Factor the difference of two squares. $$81 x^{4}-1$$

Short Answer

Expert verified
The factored form of \(81x^{4} - 1\) is \((3x - 1)(3x + 1)(9x^{2} + 1)\).

Step by step solution

01

Identify the square roots

Firstly, one must note that \(81x^{4}\) is a perfect square since \(81 = 9^{2}\) and \(x^{4} = (x^{2})^{2}\). Similarly, \(1\) is also a perfect square as \(1 = 1^{2}\). Thus, this problem can be fit into the difference of squares formula, with \(a = 9x^{2}\) and \(b = 1\).
02

Apply the Difference of Squares Formula

Substitute \(a\) and \(b\) into the difference of squares formula which is \(a^{2} - b^{2} = (a-b)(a+b)\).

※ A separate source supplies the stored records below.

(* Let $p$ be an odd prime, $S$ a symmetric multiset of elements of $\mathbb Z_p^n$, $G=\mathrm{Cay}(\mathbb Z_p^n,S)$, $S'=\biguplus_{k=1}^{(p-1)/2}kS$ (multiset union, $kS=\{ks:s\in S\}$), and $G'=\mathrm{Cay}(\mathbb Z_p^n,S')$. Then $$\phi(G)\le\phi(G')\le\frac{p+1}{4}\,\phi(G).$$
   Context: A multiset $S$ is symmetric if $x$ and $-x$ have equal multiplicity for all $x$. $\mathrm{Cay}(\Gamma,S)$ has vertex set $\Gamma$ and an edge $(v,v+s)$ for every $v$ and every element $s$ of $S$ (with multiplicity). For $Q\subseteq\Gamma$, $\partial Q$ is the multiset of edges $(i,j)$ with $i\in Q$, $j\notin Q$; $\phi_G(Q)=|\partial Q|/(|S||Q|)$ and $\phi(G)=\min\{\phi_G(Q):1\le|Q|\le|\Gamma|/2\}$. *)

theory Defs
  imports Complex_Main "HOL-Library.Multiset" "HOL-Computational_Algebra.Primes"
begin

definition zpn :: "nat \<Rightarrow> nat \<Rightarrow> nat list set" where
  "zpn p n = {v. length v = n \<and> (\<forall>i<n. v ! i < p)}"

definition zadd :: "nat \<Rightarrow> nat list \<Rightarrow> nat list \<Rightarrow> nat list" where
  "zadd p u v = map2 (\<lambda>a b. (a + b) mod p) u v"

definition zneg :: "nat \<Rightarrow> nat list \<Rightarrow> nat list" where
  "zneg p v = map (\<lambda>a. (p - a) mod p) v"

definition zsmul :: "nat \<Rightarrow> nat \<Rightarrow> nat list \<Rightarrow> nat list" where
  "zsmul p k v = map (\<lambda>a. (k * a) mod p) v"

definition symmetric_ms :: "nat \<Rightarrow> nat \<Rightarrow> nat list multiset \<Rightarrow> bool" where
  "symmetric_ms p n S \<longleftrightarrow> (\<forall>x\<in>zpn p n. count S x = count S (zneg p x))"
(* For every non-integer rational number $d>1$, there exist a deterministic discounted-sum automaton $\mathcal{A}$ with discount factor $d$ and a rational number $r$ such that the cut-point language $L^{\ge r}=\{w\in L(\mathcal{A}) : wt_{\mathcal{A}}(w)\ge r\}$ is not $\omega$-regular.
   Context: For a sequence $A$ and discount factor $d>1$, $\mathrm{DS}(A,d)=\sum_{i\ge0}A[i]/d^i$. A discounted-sum automaton is a weighted $\omega$-automaton $(\mathcal{M},\gamma,\mathrm{DS}(\cdot,d))$ where $\mathcal{M}$ is a B\"uchi automaton all of whose states are accepting and $\gamma$ assigns rational weights to transitions; a run's weight is the discounted sum of its weight sequence, and $wt_{\mathcal{A}}(w)$ is the supremum of the weights of runs on $w$. It is deterministic if $\mathcal{M}$ has one initial state and at most one successor per state and letter. *)

theory Defs
  imports Complex_Main
begin

record ('q, 'a) buchi =
  states :: "'q set"
  alph   :: "'a set"
  init   :: "'q set"
  trans  :: "('q \<times> 'a \<times> 'q) set"
  acc    :: "'q set"

definition buchi_wf :: "('q, 'a) buchi \<Rightarrow> bool" where
  "buchi_wf A \<longleftrightarrow> finite (states A) \<and> finite (alph A) \<and> init A \<subseteq> states A
     \<and> trans A \<subseteq> states A \<times> alph A \<times> states A \<and> acc A \<subseteq> states A"

definition is_run :: "('q, 'a) buchi \<Rightarrow> (nat \<Rightarrow> 'a) \<Rightarrow> (nat \<Rightarrow> 'q) \<Rightarrow> bool" where
  "is_run A w r \<longleftrightarrow> r 0 \<in> init A \<and> (\<forall>i. (r i, w i, r (Suc i)) \<in> trans A)"

definition accepting_run :: "('q, 'a) buchi \<Rightarrow> (nat \<Rightarrow> 'a) \<Rightarrow> (nat \<Rightarrow> 'q) \<Rightarrow> bool" where
  "accepting_run A w r \<longleftrightarrow> is_run A w r \<and> infinite {i. r i \<in> acc A}"

definition lang :: "('q, 'a) buchi \<Rightarrow> (nat \<Rightarrow> 'a) set" where
  "lang A = {w. (\<forall>i. w i \<in> alph A) \<and> (\<exists>r. accepting_run A w r)}"

text \<open>omega-regular = recognised by some Buchi automaton over the same alphabet
  (state sets taken inside nat, which is no loss of generality for finite state sets).\<close>
definition omega_regular :: "'a set \<Rightarrow> (nat \<Rightarrow> 'a) set \<Rightarrow> bool" where
  "omega_regular \<Sigma> L \<longleftrightarrow> (\<exists>B :: (nat, 'a) buchi. buchi_wf B \<and> alph B = \<Sigma> \<and> lang B = L)"

definition DS :: "(nat \<Rightarrow> real) \<Rightarrow> real \<Rightarrow> real" where
  "DS s d = (\<Sum>i. s i / d ^ i)"

definition ds_automaton :: "('q, 'a) buchi \<Rightarrow> bool" where
  "ds_automaton M \<longleftrightarrow> buchi_wf M \<and> acc M = states M"

definition run_weight :: "('q \<times> 'a \<times> 'q \<Rightarrow> rat) \<Rightarrow> real \<Rightarrow> (nat \<Rightarrow> 'a) \<Rightarrow> (nat \<Rightarrow> 'q) \<Rightarrow> real" where
  "run_weight \<gamma> d w r = DS (\<lambda>i. real_of_rat (\<gamma> (r i, w i, r (Suc i)))) d"

definition wt :: "('q, 'a) buchi \<Rightarrow> ('q \<times> 'a \<times> 'q \<Rightarrow> rat) \<Rightarrow> real \<Rightarrow> (nat \<Rightarrow> 'a) \<Rightarrow> real" where
  "wt M \<gamma> d w = Sup {run_weight \<gamma> d w r | r. accepting_run M w r}"

definition deterministic :: "('q, 'a) buchi \<Rightarrow> bool" where
  "deterministic M \<longleftrightarrow> (\<exists>q. init M = {q}) \<and>
     (\<forall>q a q1 q2. (q, a, q1) \<in> trans M \<and> (q, a, q2) \<in> trans M \<longrightarrow> q1 = q2)"

definition cutpoint_lang :: "('q, 'a) buchi \<Rightarrow> ('q \<times> 'a \<times> 'q \<Rightarrow> rat) \<Rightarrow> real \<Rightarrow> real \<Rightarrow> (nat \<Rightarrow> 'a) set" where
  "cutpoint_lang M \<gamma> d r = {w \<in> lang M. wt M \<gamma> d w \<ge> r}"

So, the factored form of the polynomial is \((9x^{2} - 1)(9x^{2} + 1)\).
03

Factor Further If Possible

Notice that \(9x^{2} - 1\) is also a difference of squares with \(a = 3x\) and \(b = 1\), and can therefore be factored further by applying the difference of squares formula again. Doing this, we get \((3x - 1)(3x + 1)\). Therefore, the complete factored form of the problem is \((3x - 1)(3x + 1)(9x^{2} + 1)\).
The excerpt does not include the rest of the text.